* _Work to complete_: Reproduce word for word the lines between those holding "xs(n := \<tau> (hist_from ((trigger" and "define T where", inclusive, and nothing else from the data below.

[Records contained in a dataset]
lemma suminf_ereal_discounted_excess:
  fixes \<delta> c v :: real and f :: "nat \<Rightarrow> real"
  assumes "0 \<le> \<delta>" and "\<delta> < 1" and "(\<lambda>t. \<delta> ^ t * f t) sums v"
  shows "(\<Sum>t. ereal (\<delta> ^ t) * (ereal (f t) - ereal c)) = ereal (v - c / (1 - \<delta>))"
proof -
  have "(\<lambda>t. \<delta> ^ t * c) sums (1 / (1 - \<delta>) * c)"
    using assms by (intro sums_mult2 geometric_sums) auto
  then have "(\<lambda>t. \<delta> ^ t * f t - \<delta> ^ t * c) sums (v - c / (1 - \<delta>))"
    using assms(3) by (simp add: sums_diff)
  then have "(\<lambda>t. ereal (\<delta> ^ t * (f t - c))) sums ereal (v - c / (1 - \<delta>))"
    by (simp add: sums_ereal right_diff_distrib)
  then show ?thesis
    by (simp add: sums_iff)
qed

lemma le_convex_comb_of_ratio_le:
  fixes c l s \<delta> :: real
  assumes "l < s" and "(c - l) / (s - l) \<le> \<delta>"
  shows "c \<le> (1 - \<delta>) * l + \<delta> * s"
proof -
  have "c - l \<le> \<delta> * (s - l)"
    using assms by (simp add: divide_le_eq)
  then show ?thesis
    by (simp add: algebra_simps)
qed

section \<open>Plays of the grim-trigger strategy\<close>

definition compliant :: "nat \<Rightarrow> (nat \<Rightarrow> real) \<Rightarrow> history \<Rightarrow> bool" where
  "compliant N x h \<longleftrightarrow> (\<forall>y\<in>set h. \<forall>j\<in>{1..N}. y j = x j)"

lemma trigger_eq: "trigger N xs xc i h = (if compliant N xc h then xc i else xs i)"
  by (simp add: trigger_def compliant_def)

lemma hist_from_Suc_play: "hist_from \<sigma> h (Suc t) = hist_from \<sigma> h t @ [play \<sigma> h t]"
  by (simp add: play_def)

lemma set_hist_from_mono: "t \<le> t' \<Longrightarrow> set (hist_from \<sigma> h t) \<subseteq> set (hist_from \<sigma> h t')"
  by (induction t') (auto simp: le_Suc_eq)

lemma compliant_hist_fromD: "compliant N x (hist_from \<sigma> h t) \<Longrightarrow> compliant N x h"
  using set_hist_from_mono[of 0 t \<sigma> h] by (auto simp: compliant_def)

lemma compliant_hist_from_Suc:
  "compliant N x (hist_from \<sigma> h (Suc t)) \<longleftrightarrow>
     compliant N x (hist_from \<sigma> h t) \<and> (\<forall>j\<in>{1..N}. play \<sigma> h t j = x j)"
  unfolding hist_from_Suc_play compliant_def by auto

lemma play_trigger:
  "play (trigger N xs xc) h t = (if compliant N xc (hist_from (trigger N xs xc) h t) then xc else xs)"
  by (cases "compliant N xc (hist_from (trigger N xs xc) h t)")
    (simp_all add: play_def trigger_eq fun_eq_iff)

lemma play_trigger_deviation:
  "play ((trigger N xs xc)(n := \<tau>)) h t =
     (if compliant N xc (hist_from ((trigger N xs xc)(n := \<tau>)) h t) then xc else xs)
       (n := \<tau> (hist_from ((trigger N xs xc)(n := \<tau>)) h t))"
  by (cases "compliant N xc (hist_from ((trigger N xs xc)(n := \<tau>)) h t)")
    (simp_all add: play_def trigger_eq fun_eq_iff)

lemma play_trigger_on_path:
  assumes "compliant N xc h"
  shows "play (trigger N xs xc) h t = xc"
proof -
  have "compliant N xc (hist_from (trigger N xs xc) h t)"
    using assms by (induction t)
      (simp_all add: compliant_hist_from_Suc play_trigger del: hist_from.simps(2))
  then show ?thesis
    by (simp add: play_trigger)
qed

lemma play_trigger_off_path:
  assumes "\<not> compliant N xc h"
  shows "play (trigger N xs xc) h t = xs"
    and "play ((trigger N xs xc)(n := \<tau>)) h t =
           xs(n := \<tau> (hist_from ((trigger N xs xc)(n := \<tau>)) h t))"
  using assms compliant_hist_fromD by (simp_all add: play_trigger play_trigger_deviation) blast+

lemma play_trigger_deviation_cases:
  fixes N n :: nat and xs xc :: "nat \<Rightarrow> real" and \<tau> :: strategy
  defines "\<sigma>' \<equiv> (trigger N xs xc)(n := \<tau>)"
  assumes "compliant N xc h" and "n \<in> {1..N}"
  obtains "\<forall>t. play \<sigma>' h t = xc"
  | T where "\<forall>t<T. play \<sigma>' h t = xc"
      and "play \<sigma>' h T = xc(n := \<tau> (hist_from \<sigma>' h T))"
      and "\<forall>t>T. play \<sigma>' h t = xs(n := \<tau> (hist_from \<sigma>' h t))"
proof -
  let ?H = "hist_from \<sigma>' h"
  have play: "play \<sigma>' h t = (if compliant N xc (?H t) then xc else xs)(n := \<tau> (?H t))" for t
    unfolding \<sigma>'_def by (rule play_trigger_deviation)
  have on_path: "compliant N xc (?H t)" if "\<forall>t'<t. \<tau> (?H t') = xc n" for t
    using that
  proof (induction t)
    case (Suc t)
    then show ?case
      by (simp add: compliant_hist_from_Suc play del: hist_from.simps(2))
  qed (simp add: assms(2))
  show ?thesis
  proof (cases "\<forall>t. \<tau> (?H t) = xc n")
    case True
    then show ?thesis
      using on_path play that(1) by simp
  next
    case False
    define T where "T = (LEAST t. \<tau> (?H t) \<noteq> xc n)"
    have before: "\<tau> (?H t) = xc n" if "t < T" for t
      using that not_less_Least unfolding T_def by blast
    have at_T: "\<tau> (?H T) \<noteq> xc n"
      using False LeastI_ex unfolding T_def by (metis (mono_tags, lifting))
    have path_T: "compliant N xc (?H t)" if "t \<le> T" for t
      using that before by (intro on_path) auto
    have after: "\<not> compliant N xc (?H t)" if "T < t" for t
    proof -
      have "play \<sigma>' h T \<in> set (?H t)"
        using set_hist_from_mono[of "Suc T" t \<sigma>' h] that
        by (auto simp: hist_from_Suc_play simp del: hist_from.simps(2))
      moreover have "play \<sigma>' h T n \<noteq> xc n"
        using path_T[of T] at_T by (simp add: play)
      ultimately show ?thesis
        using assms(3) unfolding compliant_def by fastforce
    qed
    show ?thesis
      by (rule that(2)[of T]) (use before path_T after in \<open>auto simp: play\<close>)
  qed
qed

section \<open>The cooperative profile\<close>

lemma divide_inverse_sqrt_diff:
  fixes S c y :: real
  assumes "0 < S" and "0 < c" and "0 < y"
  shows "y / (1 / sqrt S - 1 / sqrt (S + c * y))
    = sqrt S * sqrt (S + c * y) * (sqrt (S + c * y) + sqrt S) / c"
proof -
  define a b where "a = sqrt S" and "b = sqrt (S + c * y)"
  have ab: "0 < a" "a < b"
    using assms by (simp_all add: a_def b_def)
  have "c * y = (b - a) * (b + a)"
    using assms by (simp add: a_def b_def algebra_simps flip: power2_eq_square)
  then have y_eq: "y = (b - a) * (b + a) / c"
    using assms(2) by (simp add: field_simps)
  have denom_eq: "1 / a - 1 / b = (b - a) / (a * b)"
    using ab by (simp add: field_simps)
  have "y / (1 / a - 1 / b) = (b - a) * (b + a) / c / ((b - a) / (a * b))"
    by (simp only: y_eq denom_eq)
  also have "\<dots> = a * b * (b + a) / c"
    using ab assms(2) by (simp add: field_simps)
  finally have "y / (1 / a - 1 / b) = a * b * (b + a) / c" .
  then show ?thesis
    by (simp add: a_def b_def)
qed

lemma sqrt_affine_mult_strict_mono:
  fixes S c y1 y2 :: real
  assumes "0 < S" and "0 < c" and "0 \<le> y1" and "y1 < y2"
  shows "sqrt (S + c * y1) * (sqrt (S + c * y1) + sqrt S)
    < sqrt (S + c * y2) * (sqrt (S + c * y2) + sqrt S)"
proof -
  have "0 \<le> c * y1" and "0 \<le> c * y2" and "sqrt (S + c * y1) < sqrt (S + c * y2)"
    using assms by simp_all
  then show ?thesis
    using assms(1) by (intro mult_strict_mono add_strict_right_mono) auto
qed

==

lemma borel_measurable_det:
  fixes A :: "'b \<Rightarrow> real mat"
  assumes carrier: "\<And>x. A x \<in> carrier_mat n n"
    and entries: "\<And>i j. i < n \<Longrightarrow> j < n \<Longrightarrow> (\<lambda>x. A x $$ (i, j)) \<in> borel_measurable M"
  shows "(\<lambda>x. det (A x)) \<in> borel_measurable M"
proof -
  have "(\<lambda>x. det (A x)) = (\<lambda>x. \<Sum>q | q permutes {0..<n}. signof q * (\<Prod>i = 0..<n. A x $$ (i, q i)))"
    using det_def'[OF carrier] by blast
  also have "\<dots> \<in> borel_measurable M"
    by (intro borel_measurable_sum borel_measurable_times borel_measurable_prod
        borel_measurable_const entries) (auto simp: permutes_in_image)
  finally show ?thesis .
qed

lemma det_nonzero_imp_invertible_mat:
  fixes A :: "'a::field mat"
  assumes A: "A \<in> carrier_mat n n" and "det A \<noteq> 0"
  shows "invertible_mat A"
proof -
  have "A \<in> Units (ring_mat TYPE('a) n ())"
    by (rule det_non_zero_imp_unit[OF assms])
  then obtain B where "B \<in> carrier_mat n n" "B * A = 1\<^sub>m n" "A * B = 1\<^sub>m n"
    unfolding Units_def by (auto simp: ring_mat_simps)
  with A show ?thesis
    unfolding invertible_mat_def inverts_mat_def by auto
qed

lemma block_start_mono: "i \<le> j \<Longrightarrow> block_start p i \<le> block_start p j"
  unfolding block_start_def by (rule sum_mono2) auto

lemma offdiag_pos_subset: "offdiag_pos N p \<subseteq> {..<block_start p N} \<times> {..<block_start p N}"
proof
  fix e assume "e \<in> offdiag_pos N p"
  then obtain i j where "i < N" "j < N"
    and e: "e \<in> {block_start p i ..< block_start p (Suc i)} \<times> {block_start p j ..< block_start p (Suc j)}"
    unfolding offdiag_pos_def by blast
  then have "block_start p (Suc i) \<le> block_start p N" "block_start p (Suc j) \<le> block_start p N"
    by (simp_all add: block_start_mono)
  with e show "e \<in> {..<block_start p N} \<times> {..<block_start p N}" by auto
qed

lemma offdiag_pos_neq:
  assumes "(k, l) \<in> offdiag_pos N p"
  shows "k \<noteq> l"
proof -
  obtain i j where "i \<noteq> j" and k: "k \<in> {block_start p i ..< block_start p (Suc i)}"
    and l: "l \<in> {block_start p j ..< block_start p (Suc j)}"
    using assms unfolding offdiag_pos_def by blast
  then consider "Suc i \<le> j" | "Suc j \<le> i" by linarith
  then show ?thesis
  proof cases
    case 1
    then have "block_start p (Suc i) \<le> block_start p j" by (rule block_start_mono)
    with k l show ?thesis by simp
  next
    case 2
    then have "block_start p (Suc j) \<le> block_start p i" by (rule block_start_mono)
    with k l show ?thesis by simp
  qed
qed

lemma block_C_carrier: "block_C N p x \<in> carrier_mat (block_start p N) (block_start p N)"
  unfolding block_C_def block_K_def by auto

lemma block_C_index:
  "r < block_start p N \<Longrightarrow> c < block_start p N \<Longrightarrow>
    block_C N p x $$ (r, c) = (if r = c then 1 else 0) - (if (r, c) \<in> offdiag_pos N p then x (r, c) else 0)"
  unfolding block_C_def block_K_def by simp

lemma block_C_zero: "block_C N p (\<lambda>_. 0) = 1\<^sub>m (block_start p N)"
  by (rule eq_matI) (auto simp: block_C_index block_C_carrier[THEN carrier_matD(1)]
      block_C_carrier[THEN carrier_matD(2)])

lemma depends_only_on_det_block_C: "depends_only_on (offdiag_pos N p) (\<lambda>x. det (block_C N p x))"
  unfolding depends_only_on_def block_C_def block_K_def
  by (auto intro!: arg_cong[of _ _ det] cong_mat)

* _Exercise solution_:
           xs(n := \<tau> (hist_from ((trigger N xs xc)(n := \<tau>)) h t))"
  using assms compliant_hist_fromD by (simp_all add: play_trigger play_trigger_deviation) blast+

lemma play_trigger_deviation_cases:
  fixes N n :: nat and xs xc :: "nat \<Rightarrow> real" and \<tau> :: strategy
  defines "\<sigma>' \<equiv> (trigger N xs xc)(n := \<tau>)"
  assumes "compliant N xc h" and "n \<in> {1..N}"
  obtains "\<forall>t. play \<sigma>' h t = xc"
  | T where "\<forall>t<T. play \<sigma>' h t = xc"
      and "play \<sigma>' h T = xc(n := \<tau> (hist_from \<sigma>' h T))"
      and "\<forall>t>T. play \<sigma>' h t = xs(n := \<tau> (hist_from \<sigma>' h t))"
proof -
  let ?H = "hist_from \<sigma>' h"
  have play: "play \<sigma>' h t = (if compliant N xc (?H t) then xc else xs)(n := \<tau> (?H t))" for t
    unfolding \<sigma>'_def by (rule play_trigger_deviation)
  have on_path: "compliant N xc (?H t)" if "\<forall>t'<t. \<tau> (?H t') = xc n" for t
    using that
  proof (induction t)
    case (Suc t)
    then show ?case
      by (simp add: compliant_hist_from_Suc play del: hist_from.simps(2))
  qed (simp add: assms(2))
  show ?thesis
  proof (cases "\<forall>t. \<tau> (?H t) = xc n")
    case True
    then show ?thesis
      using on_path play that(1) by simp
  next
    case False
    define T where "T = (LEAST t. \<tau> (?H t) \<noteq> xc n)"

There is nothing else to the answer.